Collected data entries ::
= Beginning of Section =

(* Suppose $F_i$ satisfies the Production Function Assumption (b) and $W_i$ satisfies the Labor Cost and Growth Assumptions. Then: (i) For all $\mathbf P\in\mathbb R^N_{>0}$, $P_E>0$ and $x\in\mathcal O_i$, the problem $\overline\Pi_i(\mathbf P,P_E,x):=\max_{(\mathbf q_i,E_i,L_i)\in\mathbb R^{N+2}_{\ge0}}\Pi_i(\mathbf P,\mathbf q_i,E_i,L_i,P_E,x)$ admits a solution; if $F_i$ is strictly concave and $W_i$ strictly convex, it is unique. (ii) $\overline\Pi_i(\mathbf P,P_E,x)=W_i^*\big(\widetilde\Pi_i(\mathbf P,P_E)-x\big)$. (iii) If $W_i$ is strictly convex and differentiable, optimal inputs are $L_i^*=(W_i')^{-1}(\widetilde\Pi_i(\mathbf P,P_E)-x)$, $q^*_{ij}=\tilde q^*_{ij}L_i^*$ ($j=1,\dots,N$), $E_i^*=\tilde E_i^*L_i^*$, where $(\tilde{\mathbf q}_i^*,\tilde E_i^* )$ maximizes the problem defining $\widetilde\Pi_i(\mathbf P,P_E)$.
   Context: $\mathcal O_i\subseteq\mathbb R_{>0}$ is the state space of sector $i$. Production function $F_i:\mathbb R^{N+2}_{\ge0}\to\mathbb R_{\ge0}$, labor cost $W_i:\mathbb R_{\ge0}\to\mathbb R_{>0}$. Instantaneous profit: $\Pi_i(\mathbf P,\mathbf q_i,E_i,L_i,P_E,x)=P_iF_i(\mathbf q_i,E_i,L_i)-\sum_{j=1}^NP_jq_{ij}-P_EE_i-W_i(L_i)-xL_i$. $W_i^*(y)=\max_{L\ge0}\{Ly-W_i(L)\}$. $\widetilde\Pi_i(\mathbf P,P_E)=\max_{\tilde{\mathbf q}_i\ge0,\tilde E_i\ge0}\{P_iF_i(\tilde{\mathbf q}_i,\tilde E_i,1)-\sum_jP_j\tilde q_{ij}-P_E\tilde E_i\}$. Production Function Assumption (b): $F_i$ increasing in each argument, upper semi-continuous, concave, homogeneous of degree one, and $F_i(\mathbf q,E,L)\le c_iL$ for some $c_i<\infty$. Labor Cost Assumption: $W_i$ strictly increasing, lower semi-continuous, convex. Growth Assumption: $\lim_{L\to\infty}W_i(L)/L=+\infty$. *)

theory Defs
  imports "HOL-Analysis.Analysis"
begin

definition usc_on :: "'a::topological_space set \<Rightarrow> ('a \<Rightarrow> real) \<Rightarrow> bool" where
  "usc_on S f \<longleftrightarrow> (\<forall>x\<in>S. \<forall>e>0. \<forall>\<^sub>F y in at x within S. f y < f x + e)"

definition lsc_on :: "'a::topological_space set \<Rightarrow> ('a \<Rightarrow> real) \<Rightarrow> bool" where
  "lsc_on S f \<longleftrightarrow> (\<forall>x\<in>S. \<forall>e>0. \<forall>\<^sub>F y in at x within S. f x - e < f y)"

definition strict_convex_on :: "'a::real_vector set \<Rightarrow> ('a \<Rightarrow> real) \<Rightarrow> bool" where
  "strict_convex_on S f \<longleftrightarrow> (\<forall>x\<in>S. \<forall>y\<in>S. x \<noteq> y \<longrightarrow>
     (\<forall>u::real. 0 < u \<and> u < 1 \<longrightarrow>
        f ((1 - u) *\<^sub>R x + u *\<^sub>R y) < (1 - u) * f x + u * f y))"

definition strict_concave_on :: "'a::real_vector set \<Rightarrow> ('a \<Rightarrow> real) \<Rightarrow> bool" where
  "strict_concave_on S f \<longleftrightarrow> strict_convex_on S (\<lambda>x. - f x)"

text \<open>Input space R^{N+2}_{\<ge>0}: triples (q, E, L), q \<in> R^N (indexed by the finite type 'n).\<close>
definition inputs :: "((real^'n) \<times> real \<times> real) set" where
  "inputs = {(q, E, L). (\<forall>j. 0 \<le> q $ j) \<and> 0 \<le> E \<and> 0 \<le> L}"

definition profit ::
  "((real^'n) \<times> real \<times> real \<Rightarrow> real) \<Rightarrow> (real \<Rightarrow> real) \<Rightarrow> 'n \<Rightarrow>
   real^'n \<Rightarrow> real^'n \<Rightarrow> real \<Rightarrow> real \<Rightarrow> real \<Rightarrow> real \<Rightarrow> real" where
  "profit F W i P q E L PE x =
     P $ i * F (q, E, L) - (\<Sum>j\<in>UNIV. P $ j * q $ j) - PE * E - W L - x * L"

text \<open>Optimal profit \<open>\<Pi>bar\<close> (the maximum, written as a supremum).\<close>
definition profit_bar ::
  "((real^'n) \<times> real \<times> real \<Rightarrow> real) \<Rightarrow> (real \<Rightarrow> real) \<Rightarrow> 'n \<Rightarrow>
   real^'n \<Rightarrow> real \<Rightarrow> real \<Rightarrow> real" where
  "profit_bar F W i P PE x =
     Sup ((\<lambda>(q, E, L). profit F W i P q E L PE x) ` inputs)"

definition Wstar :: "(real \<Rightarrow> real) \<Rightarrow> real \<Rightarrow> real" where
  "Wstar W y = Sup ((\<lambda>L. L * y - W L) ` {0..})"

definition unit_profit ::
  "((real^'n) \<times> real \<times> real \<Rightarrow> real) \<Rightarrow> 'n \<Rightarrow> real^'n \<Rightarrow> real \<Rightarrow> real^'n \<Rightarrow> real \<Rightarrow> real" where
  "unit_profit F i P PE q E = P $ i * F (q, E, 1) - (\<Sum>j\<in>UNIV. P $ j * q $ j) - PE * E"

definition unit_inputs :: "((real^'n) \<times> real) set" where
  "unit_inputs = {(q, E). (\<forall>j. 0 \<le> q $ j) \<and> 0 \<le> E}"

definition profit_tilde ::
  "((real^'n) \<times> real \<times> real \<Rightarrow> real) \<Rightarrow> 'n \<Rightarrow> real^'n \<Rightarrow> real \<Rightarrow> real" where
  "profit_tilde F i P PE = Sup ((\<lambda>(q, E). unit_profit F i P PE q E) ` unit_inputs)"

end

theory Submission
  imports Defs
begin

(*
  By homogeneity of degree one, an input (q, E, L) with L > 0 is L times the unit-labor
  input (q/L, E/L, 1), so its profit is L * unit_profit (q/L) (E/L) - W L - x L, which is
  at most L (Pi~ - x) - W L, with equality when the unit input is optimal.  The problem thus
  splits into maximizing the unit profit, an upper semicontinuous function that is negative
  outside a compact budget set, and maximizing L (Pi~ - x) - W L over L >= 0, an upper
  semicontinuous function that tends to -infinity by the growth assumption; this gives (i)
  and (ii).  For (iii), convexity of W makes W' L* = Pi~ - x a sufficient condition for
  L* to be optimal.  The uniqueness clause of (i) holds vacuously: a function homogeneous of
  degree one is linear along rays, hence never strictly concave.
*)

lemma usc_on_subset: "usc_on S f \<Longrightarrow> K \<subseteq> S \<Longrightarrow> usc_on K f"
  unfolding usc_on_def by (meson at_le filter_leD subsetD)

lemma closed_superlevel_usc_on:
  fixes f :: "'a::topological_space \<Rightarrow> real"
  assumes "closed K" and usc: "usc_on K f"
  shows "closed {w\<in>K. a \<le> f w}"
  unfolding closed_limpt
proof (intro allI impI)
  fix z assume lim: "z islimpt {w\<in>K. a \<le> f w}"
  then have "z \<in> K"
    using \<open>closed K\<close> closed_limpt islimpt_subset by (metis (no_types, lifting) mem_Collect_eq subsetI)
  show "z \<in> {w\<in>K. a \<le> f w}"
  proof (rule ccontr)
    assume "z \<notin> {w\<in>K. a \<le> f w}"
    with \<open>z \<in> K\<close> have "0 < a - f z" by simp
    with usc \<open>z \<in> K\<close> have "\<forall>\<^sub>F w in at z within K. f w < f z + (a - f z)"
      unfolding usc_on_def by blast
    then obtain S where "open S" "z \<in> S" and below: "\<And>w. w \<in> S \<Longrightarrow> w \<in> K \<Longrightarrow> w \<noteq> z \<Longrightarrow> f w < a"
      unfolding eventually_at_topological by auto
    with lim obtain w where "w \<in> K" "a \<le> f w" "w \<in> S" "w \<noteq> z"
      unfolding islimpt_def by blast
    with below show False by fastforce
  qed
qed

lemma usc_on_attains_max:
  fixes f :: "'a::t2_space \<Rightarrow> real"
  assumes "compact K" "K \<noteq> {}" "usc_on K f"
  shows "\<exists>z\<in>K. \<forall>y\<in>K. f y \<le> f z"
proof -
  have "K \<inter> (\<Inter>y\<in>K. {w\<in>K. f y \<le> f w}) \<noteq> {}"
  proof (rule compact_imp_fip_image[OF \<open>compact K\<close>])
    show "closed {w\<in>K. f y \<le> f w}" for y
      by (rule closed_superlevel_usc_on[OF compact_imp_closed[OF \<open>compact K\<close>] \<open>usc_on K f\<close>])
    fix Y assume "finite Y" "Y \<subseteq> K"
    show "K \<inter> (\<Inter>y\<in>Y. {w\<in>K. f y \<le> f w}) \<noteq> {}"
    proof (cases "Y = {}")
      case True
      with \<open>K \<noteq> {}\<close> show ?thesis by simp
    next
      case False
      with \<open>finite Y\<close> have "Max (f ` Y) \<in> f ` Y" by simp
      then obtain y0 where "y0 \<in> Y" "f y0 = Max (f ` Y)" by auto
      with \<open>finite Y\<close> \<open>Y \<subseteq> K\<close> have "y0 \<in> K \<inter> (\<Inter>y\<in>Y. {w\<in>K. f y \<le> f w})"
        by auto
      then show ?thesis by blast
    qed
  qed
  then show ?thesis by blast
qed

= End of Section =

ABOUT THIS EXERCISE ::
Retype only this portion of the data above: the line containing "splits into maximizing", the line containing "L* to be optimal.", and all lines between them, exactly.

OUTPUT ::
  splits into maximizing the unit profit, an upper semicontinuous function that is negative
  outside a compact budget set, and maximizing L (Pi~ - x) - W L over L >= 0, an upper
  semicontinuous function that tends to -infinity by the growth assumption; this gives (i)
  and (ii).  For (iii), convexity of W makes W' L* = Pi~ - x a sufficient condition for
  L* to be optimal.  The uniqueness clause of (i) holds vacuously: a function homogeneous of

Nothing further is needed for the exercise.